FDA Sets New Rules For Reporting Adverse Trial Events

The U. S. Food and Drug Administration is announcing a final rule that will improve the quality of safety reports and better protect people participating in clinical trials for drugs. The final rule clarifies the safety information that drug sponsors (drug manufacturers) must report to FDA for Investigational New Drug applications (INDs).

NOTE: The FDA is still developing separate rules for postmarketing safety reporting.


The newly announced procedures are aimed at speeding up reporting and analysis of potential safety problems encountered in clinical trials while cutting down on adverse-event filings that the agency considers useless. The new rules cap more than seven years of work for the FDA, which first proposed a revision of safety reporting from drug studies in early 2003.

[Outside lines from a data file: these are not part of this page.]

lemma idx5_simps [simp]: "idx5 1 = 1" "idx5 2 = 2" "idx5 3 = 3"
  by (simp_all add: idx5_def)

lemma base_point_eq_emb5: "base_point = emb5 base3 0 0"
  by (simp add: base_point_def emb5_def base3_def)

definition slice_gradient :: "real \<Rightarrow> real^3 \<Rightarrow> real^3" where
  "slice_gradient a z = (\<chi> j. eval_expr (partial_expr RC_expr (idx5 j)) (emb5 z a 0))"

definition slice_hessian :: "real^5 \<Rightarrow> real^3^3" where
  "slice_hessian x = (\<chi> i j. eval_expr (partial_expr (partial_expr RC_expr (idx5 j)) (idx5 i)) x)"

definition Hess0 :: "real^3^3" where
  "Hess0 = vector [vector [48, -16, 4/3], vector [-16, 48, 4/3], vector [4/3, 4/3, 7/9]]"

lemma expr_derivative_emb5:
  "expr_derivative e x (emb5 h b c) = (\<Sum>j\<in>UNIV. h $ j * eval_expr (partial_expr e (idx5 j)) x)
     + b * eval_expr (partial_expr e 4) x + c * eval_expr (partial_expr e 5) x"
  by (simp add: expr_derivative_def sum_5 sum_3)

lemma has_derivative_slice:
  assumes "defined_at RC_expr (emb5 z a 0)"
  shows "((\<lambda>w. eval_expr RC_expr (emb5 w a 0)) has_derivative (\<lambda>h. slice_gradient a z \<bullet> h)) (at z)"
  using has_derivative_eval_expr_compose[OF assms has_derivative_emb5]
  by (simp add: expr_derivative_emb5 slice_gradient_def inner_vec_def mult.commute)

lemma has_real_derivative_slice_gradient:
  assumes "defined_at RC_expr (emb5 (z + t *\<^sub>R u) a 0)"
  shows "((\<lambda>s. slice_gradient a (z + s *\<^sub>R u) \<bullet> u) has_real_derivative
            u \<bullet> (slice_hessian (emb5 (z + t *\<^sub>R u) a 0) *v u)) (at t)"
proof -
  have line: "emb5 (z + s *\<^sub>R u) a 0 = emb5 z a 0 + s *\<^sub>R emb5 u 0 0" for s
    using emb5_add_scaleR[of z s u a 0 0 0] by simp
  have "((\<lambda>s. \<Sum>j\<in>UNIV. u $ j * eval_expr (partial_expr RC_expr (idx5 j)) (emb5 z a 0 + s *\<^sub>R emb5 u 0 0))
      has_real_derivative
        (\<Sum>j\<in>UNIV. u $ j * expr_derivative (partial_expr RC_expr (idx5 j)) (emb5 (z + t *\<^sub>R u) a 0) (emb5 u 0 0)))
      (at t)"
    using assms defined_at_partial unfolding line
    by (intro DERIV_sum DERIV_cmult has_real_derivative_eval_expr_line) auto
  then show ?thesis
    unfolding line[symmetric]
    by (simp add: slice_gradient_def slice_hessian_def inner_vec_def matrix_vector_mult_def
        expr_derivative_emb5 sum_3 algebra_simps)
qed

lemma slice_gradient_base: "slice_gradient 0 base3 = 0"
  using RC_expr_derivatives_at_base
  by (simp add: vec_eq_iff forall_3 slice_gradient_def base_point_eq_emb5)

lemma slice_hessian_base: "slice_hessian base_point = Hess0"
  using RC_expr_derivatives_at_base
  by (simp add: vec_eq_iff forall_3 slice_hessian_def Hess0_def)

lemma Hess0_quadratic_form_ge: "1/2 * (norm u)^2 \<le> u \<bullet> (Hess0 *v u)"
proof -
  have "u \<bullet> (Hess0 *v u) - 1/2 * (norm u)^2
     = 95/2 * (u$1 - 32/95 * u$2 + 8/285 * u$3)^2 + 8001/190 * (u$2 + 8/189 * u$3)^2
       + 187/1134 * (u$3)^2"
    unfolding power2_norm_eq_inner
    by (simp add: Hess0_def inner_vec_def matrix_vector_mult_def sum_3
        power2_eq_square algebra_simps)
  also have "\<dots> \<ge> 0" by simp
  finally show ?thesis by simp
qed

lemma Hess3_slice:
  assumes "0 < R" "\<forall>z\<in>ball base3 R. defined_at RC_expr (emb5 z 0 0)"
  shows "Hess3 (\<lambda>z. eval_expr RC_expr (emb5 z 0 0)) base3 = slice_hessian base_point"
proof -
  have dd_slice: "dd (\<lambda>z. eval_expr RC_expr (emb5 z 0 0)) (axis j 1) z
      = eval_expr (partial_expr RC_expr (idx5 j)) (emb5 z 0 0)" if "z \<in> ball base3 R" for z j
  proof -
    have "defined_at RC_expr (emb5 z 0 0)" using assms(2) that by blast
    from frechet_derivative_at[OF has_derivative_slice[OF this], symmetric]
    show ?thesis by (simp add: dd_def inner_axis slice_gradient_def)
  qed
  have dd_slice_derivative: "((\<lambda>z. dd (\<lambda>z. eval_expr RC_expr (emb5 z 0 0)) (axis j 1) z) has_derivative
      (\<lambda>h. expr_derivative (partial_expr RC_expr (idx5 j)) base_point (emb5 h 0 0))) (at base3)" for j
  proof (rule has_derivative_transform_within_open[OF _ open_ball[of base3 R]])
    show "((\<lambda>z. eval_expr (partial_expr RC_expr (idx5 j)) (emb5 z 0 0)) has_derivative
        (\<lambda>h. expr_derivative (partial_expr RC_expr (idx5 j)) base_point (emb5 h 0 0))) (at base3)"
      using has_derivative_eval_expr_compose[OF _ has_derivative_emb5]
        defined_at_partial[OF defined_RC_expr_base] unfolding base_point_eq_emb5 by blast
  qed (use assms(1) dd_slice in auto)
  show ?thesis
    unfolding Hess3_def dd_def[of "\<lambda>z. dd _ _ z"] frechet_derivative_at[OF dd_slice_derivative, symmetric]
    by (simp add: vec_eq_iff forall_3 slice_hessian_def expr_derivative_emb5 sum_3 axis_def)
qed

definition shift3 :: "real^3" where
  "shift3 = vector [1/12, -1/6, 1]"

text \<open>\<open>shift3\<close> solves the linearised critical-point equation \<open>Hess0 shift3 + \<partial>\<^sub>a \<nabla> = 0\<close>.\<close>
lemma shift3_linearized_critical:
  "expr_derivative (partial_expr RC_expr (idx5 j)) base_point (emb5 shift3 1 0) = 0"
  using RC_expr_derivatives_at_base exhaust_3[of j]
  by (auto simp: expr_derivative_emb5 sum_3 shift3_def)

lemma norm_shift3_le: "norm shift3 \<le> 2"
proof -
  have "norm shift3 \<le> (\<Sum>i\<in>UNIV. \<bar>shift3 $ i\<bar>)" by (rule norm_le_l1_cart)
  also have "\<dots> = 5/4" by (simp add: sum_3 shift3_def)
  finally show ?thesis by simp
qed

The rule applies only to adverse events in trials for drugs and biologics that are conducted under IND protocols, including (for the first time) bioavailability and bioequivalence (BA/BE) studies of generic drugs covered by INDs.


Under a final rule that will go into effect in March, 2011, reportable events are redefined as “any untoward medical occurrence associated with the use of a drug in humans, whether or not considered drug related.” Such events must be reported to the FDA within 15 days of becoming aware of an occurrence (which was previously not required), although serious unexpected events should be reported immediatelyThe standard the agency wants sponsors and investigators to apply is whether there is “a reasonable possibility” that a study drug caused the event. 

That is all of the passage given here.